Items from a dataset
+++

(* Let $s>0$, $Y>3s$, and for $\tau\geq 0$ put $x_+(\tau)=\frac sYe^{s\tau}$, $\tau^*=\frac1s\ln\left(\frac Y{3s}\right)$, $\tau_c=\frac1s\ln\left(\frac Ys\right)$. Consider the delay system $\dot x=x(1-x)-yx$, $\dot y=-sy+Ye^{-s\tau}y(t-\tau)x(t-\tau)$, its coexistence equilibrium $E_+=(x_+(\tau),1-x_+(\tau))$ (positive for $\tau\in[0,\tau_c)$), and the characteristic equation of its linearization at $E_+$, \[ \lambda^2+s\left(1+\tfrac{e^{s\tau}}{Y}\right)\lambda+\left(-s\lambda+s\left(1-\tfrac{2se^{s\tau}}{Y}\right)\right)e^{-\lambda\tau}+\tfrac{s^2e^{s\tau}}{Y}=0. \tag{C} \] Define on $[0,\tau^*]$ \[ \omega_+(\tau)=\sqrt{\tfrac12\left(-x_+(\tau)^2+\sqrt{x_+(\tau)^4+s^2\left(12x_+(\tau)^2-16x_+(\tau)+4\right)}\right)}, \] \[ h_2(\omega,\tau)=\frac{\omega^2(1+s-x_+(\tau))-(1-2x_+(\tau))s\,x_+(\tau)}{s\left((1-2x_+(\tau))^2+\omega^2\right)},\qquad \theta(\tau)=\arccos\big(h_2(\omega_+(\tau),\tau)\big), \] and for each integer $n\geq0$ let $\tau_n^1<\dots<\tau_n^{j_n}$ be the points $\tau\in(0,\tau^* )$ with $\tau\omega_+(\tau)=\theta(\tau)+2n\pi$. Assume there exists an integer $N\geq0$ such that $(2N+1)\pi\leq\max_{\tau\in[0,\tau^*]}\tau\omega_+(\tau)\leq2(N+1)\pi$. Then: \begin{enumerate} \item For $0\leq n\leq N$, the curves $\theta(\tau)+2n\pi$ and $\tau\omega_+(\tau)$ intersect at least twice in $(0,\tau^* )$. \item For $n\geq N+1$, the curves $\theta(\tau)+2n\pi$ and $\tau\omega_+(\tau)$ do not intersect in $(0,\tau^* )$. \item If $\theta(\tau)+2n\pi$ and $\tau\omega_+(\tau)$ intersect for some $n\geq0$, then $\tau_0^1$ is the smallest and $\tau_0^{j_0}$ the largest value of $\tau$ for which (C) has a pair of purely imaginary roots. \item $E_+$ is locally asymptotically stable for $\tau\in[0,\tau_0^1)\cup(\tau_0^{j_0},\tau_c)$. \end{enumerate}
   Context: Local asymptotic stability of $E_+$ means all roots of (C) have negative real part. *)

theory Defs
  imports "HOL-Analysis.Analysis"
begin

definition xplus :: "real \<Rightarrow> real \<Rightarrow> real \<Rightarrow> real" where
  "xplus s Y \<tau> = s / Y * exp (s * \<tau>)"

definition tau_star :: "real \<Rightarrow> real \<Rightarrow> real" where
  "tau_star s Y = ln (Y / (3 * s)) / s"

definition tau_c :: "real \<Rightarrow> real \<Rightarrow> real" where
  "tau_c s Y = ln (Y / s) / s"

definition charC :: "real \<Rightarrow> real \<Rightarrow> real \<Rightarrow> complex \<Rightarrow> complex" where
  "charC s Y \<tau> z =
     z^2 + complex_of_real (s * (1 + exp (s * \<tau>) / Y)) * z
     + (- complex_of_real s * z + complex_of_real (s * (1 - 2 * s * exp (s * \<tau>) / Y)))
         * exp (- z * complex_of_real \<tau>)
     + complex_of_real (s^2 * exp (s * \<tau>) / Y)"

definition LAS :: "real \<Rightarrow> real \<Rightarrow> real \<Rightarrow> bool" where
  "LAS s Y \<tau> \<longleftrightarrow> (\<forall>z. charC s Y \<tau> z = 0 \<longrightarrow> Re z < 0)"

definition has_imag_pair :: "real \<Rightarrow> real \<Rightarrow> real \<Rightarrow> bool" where
  "has_imag_pair s Y \<tau> \<longleftrightarrow> (\<exists>\<omega>>0. charC s Y \<tau> (\<i> * complex_of_real \<omega>) = 0
                                   \<and> charC s Y \<tau> (- \<i> * complex_of_real \<omega>) = 0)"

definition omega_plus :: "real \<Rightarrow> real \<Rightarrow> real \<Rightarrow> real" where
  "omega_plus s Y \<tau> = (let x = xplus s Y \<tau> in
     sqrt ((1/2) * (sqrt (x^4 + s^2 * (12 * x^2 - 16 * x + 4)) - x^2)))"

definition h2 :: "real \<Rightarrow> real \<Rightarrow> real \<Rightarrow> real \<Rightarrow> real" where
  "h2 s Y \<omega> \<tau> = (let x = xplus s Y \<tau> in
     (\<omega>^2 * (1 + s - x) - (1 - 2 * x) * s * x) / (s * ((1 - 2 * x)^2 + \<omega>^2)))"

definition theta :: "real \<Rightarrow> real \<Rightarrow> real \<Rightarrow> real" where
  "theta s Y \<tau> = arccos (h2 s Y (omega_plus s Y \<tau>) \<tau>)"

definition crossings :: "real \<Rightarrow> real \<Rightarrow> nat \<Rightarrow> real set" where
  "crossings s Y n = {\<tau>. 0 < \<tau> \<and> \<tau> < tau_star s Y \<and>
      \<tau> * omega_plus s Y \<tau> = theta s Y \<tau> + 2 * real n * pi}"

definition least_elem :: "real set \<Rightarrow> real \<Rightarrow> bool" where
  "least_elem A a \<longleftrightarrow> a \<in> A \<and> (\<forall>x\<in>A. a \<le> x)"

definition greatest_elem :: "real set \<Rightarrow> real \<Rightarrow> bool" where
  "greatest_elem A a \<longleftrightarrow> a \<in> A \<and> (\<forall>x\<in>A. x \<le> a)"

end

(*
  Write (C) as P(\<lambda>) + Q(\<lambda>) e^(-\<lambda>\<tau>) = 0 with x = x_+(\<tau>), P(\<lambda>) = \<lambda>^2 + (s + x) \<lambda> + s x
  and Q(\<lambda>) = s (1 - 2x) - s \<lambda>. At a root i\<omega>, \<omega> > 0, taking moduli gives
  \<omega>^4 + x^2 \<omega>^2 = s^2 (1 - x)(1 - 3x), which forces x < 1/3 (i.e. \<tau> < \<tau>^* ) and
  \<omega> = \<omega>_+(\<tau>); solving the real and imaginary parts for cos \<omega>\<tau> and sin \<omega>\<tau> gives
  cos \<omega>\<tau> = h_2 and sin \<omega>\<tau> > 0, so \<omega>\<tau> = \<theta>(\<tau>) + 2n\<pi>. Conversely every such \<tau> yields
  a root. Hence the delays with imaginary roots are exactly the solutions of
  \<tau> \<omega>_+(\<tau>) - \<theta>(\<tau>) = 2n\<pi> in (0, \<tau>^* ). This continuous gap is negative at \<tau> = 0 and
  equals -\<pi> at \<tau>^*, because 0 < \<theta> < \<pi> on [0, \<tau>^* ), \<omega>_+(\<tau>^* ) = 0 and \<theta>(\<tau>^* ) = \<pi>.
  The intermediate value theorem therefore gives parts 1-3: every level 2n\<pi> that is
  reached lies between two zeros of the gap.

  For part 4, E_+ is stable at \<tau> = 0, where (C) is a quadratic with positive
  coefficients, and for \<tau> \<in> (\<tau>^*, \<tau>_c), where |Q| < |P| on the closed right half-plane.
  Roots in the closed right half-plane are bounded uniformly in \<tau>. So, by Hurwitz's
  theorem, the set of stable delays is open and closed in any interval that contains
  no delay with imaginary roots. Connectedness then spreads stability over
  [0, \<tau>_0^1) and (\<tau>_0^(j_0), \<tau>_c).
*)

theory Submission
  imports Defs "HOL-Complex_Analysis.Great_Picard"
begin

section \<open>Imaginary roots in terms of x = x_+(\<tau>)\<close>

text \<open>|P(i\<omega>)|^2 - |Q(i\<omega>)|^2, which vanishes at a root i\<omega> of (C).\<close>
definition freq_poly :: "real \<Rightarrow> real \<Rightarrow> real \<Rightarrow> real" where
  "freq_poly s x \<omega> = \<omega>^4 + x^2 * \<omega>^2 - s^2 * (1 - x) * (1 - 3 * x)"

definition omega_x :: "real \<Rightarrow> real \<Rightarrow> real" where
  "omega_x s x = sqrt ((1/2) * (sqrt (x^4 + s^2 * (12 * x^2 - 16 * x + 4)) - x^2))"

definition crossing_cos :: "real \<Rightarrow> real \<Rightarrow> real \<Rightarrow> real" where
  "crossing_cos s x \<omega> =
     (\<omega>^2 * (1 + s - x) - (1 - 2 * x) * s * x) / (s * ((1 - 2 * x)^2 + \<omega>^2))"

definition crossing_sin :: "real \<Rightarrow> real \<Rightarrow> real \<Rightarrow> real" where
  "crossing_sin s x \<omega> =
     \<omega> * ((s + x) * (1 - 2 * x) + s * x - \<omega>^2) / (s * ((1 - 2 * x)^2 + \<omega>^2))"

text \<open>Real and imaginary parts of (C) at \<lambda> = i\<omega>, with c = cos \<omega>\<tau> and d = sin \<omega>\<tau>.\<close>
definition imag_root_system :: "real \<Rightarrow> real \<Rightarrow> real \<Rightarrow> real \<Rightarrow> real \<Rightarrow> bool" where
  "imag_root_system s x \<omega> c d \<longleftrightarrow>
     s * x - \<omega>^2 + s * (1 - 2 * x) * c - s * \<omega> * d = 0 \<and>
     (s + x) * \<omega> - s * (1 - 2 * x) * d - s * \<omega> * c = 0"

lemma omega_plus_eq: "omega_plus s Y \<tau> = omega_x s (xplus s Y \<tau>)"
  unfolding omega_plus_def omega_x_def Let_def ..

lemma h2_eq: "h2 s Y \<omega> \<tau> = crossing_cos s (xplus s Y \<tau>) \<omega>"
  unfolding h2_def crossing_cos_def Let_def ..

lemma omega_x_root:
  assumes "x \<le> 1/3"
  shows "0 \<le> omega_x s x" "freq_poly s x (omega_x s x) = 0"
proof -
  define K where "K = s^2 * (1 - x) * (1 - 3 * x)"
  define r where "r = sqrt (x^4 + s^2 * (12 * x^2 - 16 * x + 4))"
  have "K \<ge> 0" unfolding K_def using assms by simp
  have disc: "x^4 + s^2 * (12 * x^2 - 16 * x + 4) = (x^2)^2 + 4 * K"
    unfolding K_def by (simp add: algebra_simps power2_eq_square power4_eq_xxxx)
  have r2: "r^2 = (x^2)^2 + 4 * K" unfolding r_def disc using \<open>K \<ge> 0\<close> by simp
  have "x^2 = sqrt ((x^2)^2)" by (simp only: real_sqrt_abs abs_power2)
  also have "\<dots> \<le> r" unfolding r_def disc using \<open>K \<ge> 0\<close> by (intro real_sqrt_le_mono) simp
  finally have "x^2 \<le> r" .
  then show "0 \<le> omega_x s x" unfolding omega_x_def r_def[symmetric] by simp
  have w2: "(omega_x s x)^2 = (r - x^2) / 2"
    using \<open>x^2 \<le> r\<close> unfolding omega_x_def r_def[symmetric] by simp
  have "(omega_x s x)^4 = ((omega_x s x)^2)^2" by simp
  then show "freq_poly s x (omega_x s x) = 0"
    unfolding freq_poly_def K_def[symmetric] using w2 r2 by algebra
qed

lemma omega_x_pos:
  assumes "s \<noteq> 0" "x < 1/3"
  shows "0 < omega_x s x"
proof -
  have "s^2 * (1 - x) * (1 - 3 * x) > 0" using assms by simp
  then have "omega_x s x \<noteq> 0" using omega_x_root(2)[of x s] assms by (auto simp: freq_poly_def)
  then show ?thesis using omega_x_root(1)[of x s] assms by simp
qed

lemma omega_x_third: "omega_x s (1/3) = 0"
proof -
  have disc: "(1/3::real)^4 + s^2 * (12 * (1/3)^2 - 16 * (1/3) + 4) = (1/9)^2"
    by (simp add: power2_eq_square power4_eq_xxxx)
  show ?thesis unfolding omega_x_def disc by (simp only: real_sqrt_abs) (simp add: power2_eq_square)
qed

lemma omega_x_unique:
  assumes "0 < \<omega>" "freq_poly s x \<omega> = 0"
  shows "\<omega> = omega_x s x"
proof -
  have "x^4 + s^2 * (12 * x^2 - 16 * x + 4) = (2 * \<omega>^2 + x^2)^2"
    using assms(2) unfolding freq_poly_def by (simp add: algebra_simps power2_eq_square power4_eq_xxxx)
  then have "omega_x s x = sqrt (\<omega>^2)" unfolding omega_x_def by simp
  then show ?thesis using assms(1) by simp
qed

lemma omega_x_sq_less:
  assumes "0 < s" "0 < x" "x \<le> 1/3"
  shows "(omega_x s x)^2 < (s + x) * (1 - 2 * x) + s * x"
proof (rule ccontr)
  define w where "w = (omega_x s x)^2"
  define T where "T = (s + x) * (1 - 2 * x) + s * x"
  assume "\<not> ?thesis"
  then have "T \<le> w" unfolding w_def T_def by simp
  have "T \<ge> s * (1 - x)" unfolding T_def using assms by (simp add: algebra_simps)
  moreover have "s * (1 - x) > 0" using assms by simp
  ultimately have "s * (1 - x) \<le> w" "0 < w" using \<open>T \<le> w\<close> by linarith+
  then have "(s * (1 - x))^2 \<le> w^2" "0 < x^2 * w"
    using \<open>s * (1 - x) > 0\<close> assms(2) by (simp_all add: power_mono)
  then have "w^2 + x^2 * w > (s * (1 - x))^2" by linarith
  moreover have "(s * (1 - x))^2 \<ge> s^2 * (1 - x) * (1 - 3 * x)"
    using assms by (simp add: power2_eq_square algebra_simps mult_left_mono)
  moreover have "w^2 + x^2 * w = s^2 * (1 - x) * (1 - 3 * x)"
    using omega_x_root(2)[OF assms(3)] unfolding w_def freq_poly_def by simp
  ultimately show False by linarith
qed

lemma imag_root_system_iff:
  assumes "0 < s" "0 < \<omega>"
  shows "imag_root_system s x \<omega> c d \<longleftrightarrow> c = crossing_cos s x \<omega> \<and> d = crossing_sin s x \<omega>"
proof -
  define D where "D = s * ((1 - 2 * x)^2 + \<omega>^2)"
  define A where "A = \<omega>^2 * (1 + s - x) - (1 - 2 * x) * s * x"
  define B where "B = \<omega> * ((s + x) * (1 - 2 * x) + s * x - \<omega>^2)"
  have "D \<noteq> 0" unfolding D_def using assms by (simp add: add_nonneg_pos)
  have cos_sin: "crossing_cos s x \<omega> = A / D" "crossing_sin s x \<omega> = B / D"
    unfolding crossing_cos_def crossing_sin_def A_def B_def D_def by simp_all
  show ?thesis
  proof
    assume "imag_root_system s x \<omega> c d"
    then have "c * D = A" "d * D = B"
      unfolding imag_root_system_def A_def B_def D_def by algebra+
    then show "c = crossing_cos s x \<omega> \<and> d = crossing_sin s x \<omega>"
      unfolding cos_sin using \<open>D \<noteq> 0\<close> by (simp add: eq_divide_eq)
  next
    assume "c = crossing_cos s x \<omega> \<and> d = crossing_sin s x \<omega>"
    then have "c * D = A" "d * D = B" unfolding cos_sin using \<open>D \<noteq> 0\<close> by simp_all
    then have "D * (s * x - \<omega>^2 + s * (1 - 2 * x) * c - s * \<omega> * d) = 0"
      "D * ((s + x) * \<omega> - s * (1 - 2 * x) * d - s * \<omega> * c) = 0"
      unfolding A_def B_def D_def by algebra+
    then show "imag_root_system s x \<omega> c d"
      unfolding imag_root_system_def using \<open>D \<noteq> 0\<close> by simp
  qed
qed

+++

Your task:
From the records above, print only the lines between the one holding "at \<tau> = 0 and" and the one holding "- \<omega>^2) /", inclusive, exactly as they stand.

Answer for this exercise:
  \<tau> \<omega>_+(\<tau>) - \<theta>(\<tau>) = 2n\<pi> in (0, \<tau>^* ). This continuous gap is negative at \<tau> = 0 and
  equals -\<pi> at \<tau>^*, because 0 < \<theta> < \<pi> on [0, \<tau>^* ), \<omega>_+(\<tau>^* ) = 0 and \<theta>(\<tau>^* ) = \<pi>.
  The intermediate value theorem therefore gives parts 1-3: every level 2n\<pi> that is
  reached lies between two zeros of the gap.

  For part 4, E_+ is stable at \<tau> = 0, where (C) is a quadratic with positive
  coefficients, and for \<tau> \<in> (\<tau>^*, \<tau>_c), where |Q| < |P| on the closed right half-plane.
  Roots in the closed right half-plane are bounded uniformly in \<tau>. So, by Hurwitz's
  theorem, the set of stable delays is open and closed in any interval that contains
  no delay with imaginary roots. Connectedness then spreads stability over
  [0, \<tau>_0^1) and (\<tau>_0^(j_0), \<tau>_c).
*)

theory Submission
  imports Defs "HOL-Complex_Analysis.Great_Picard"
begin

section \<open>Imaginary roots in terms of x = x_+(\<tau>)\<close>

text \<open>|P(i\<omega>)|^2 - |Q(i\<omega>)|^2, which vanishes at a root i\<omega> of (C).\<close>
definition freq_poly :: "real \<Rightarrow> real \<Rightarrow> real \<Rightarrow> real" where
  "freq_poly s x \<omega> = \<omega>^4 + x^2 * \<omega>^2 - s^2 * (1 - x) * (1 - 3 * x)"

definition omega_x :: "real \<Rightarrow> real \<Rightarrow> real" where
  "omega_x s x = sqrt ((1/2) * (sqrt (x^4 + s^2 * (12 * x^2 - 16 * x + 4)) - x^2))"

definition crossing_cos :: "real \<Rightarrow> real \<Rightarrow> real \<Rightarrow> real" where
  "crossing_cos s x \<omega> =
     (\<omega>^2 * (1 + s - x) - (1 - 2 * x) * s * x) / (s * ((1 - 2 * x)^2 + \<omega>^2))"

definition crossing_sin :: "real \<Rightarrow> real \<Rightarrow> real \<Rightarrow> real" where
  "crossing_sin s x \<omega> =
     \<omega> * ((s + x) * (1 - 2 * x) + s * x - \<omega>^2) / (s * ((1 - 2 * x)^2 + \<omega>^2))"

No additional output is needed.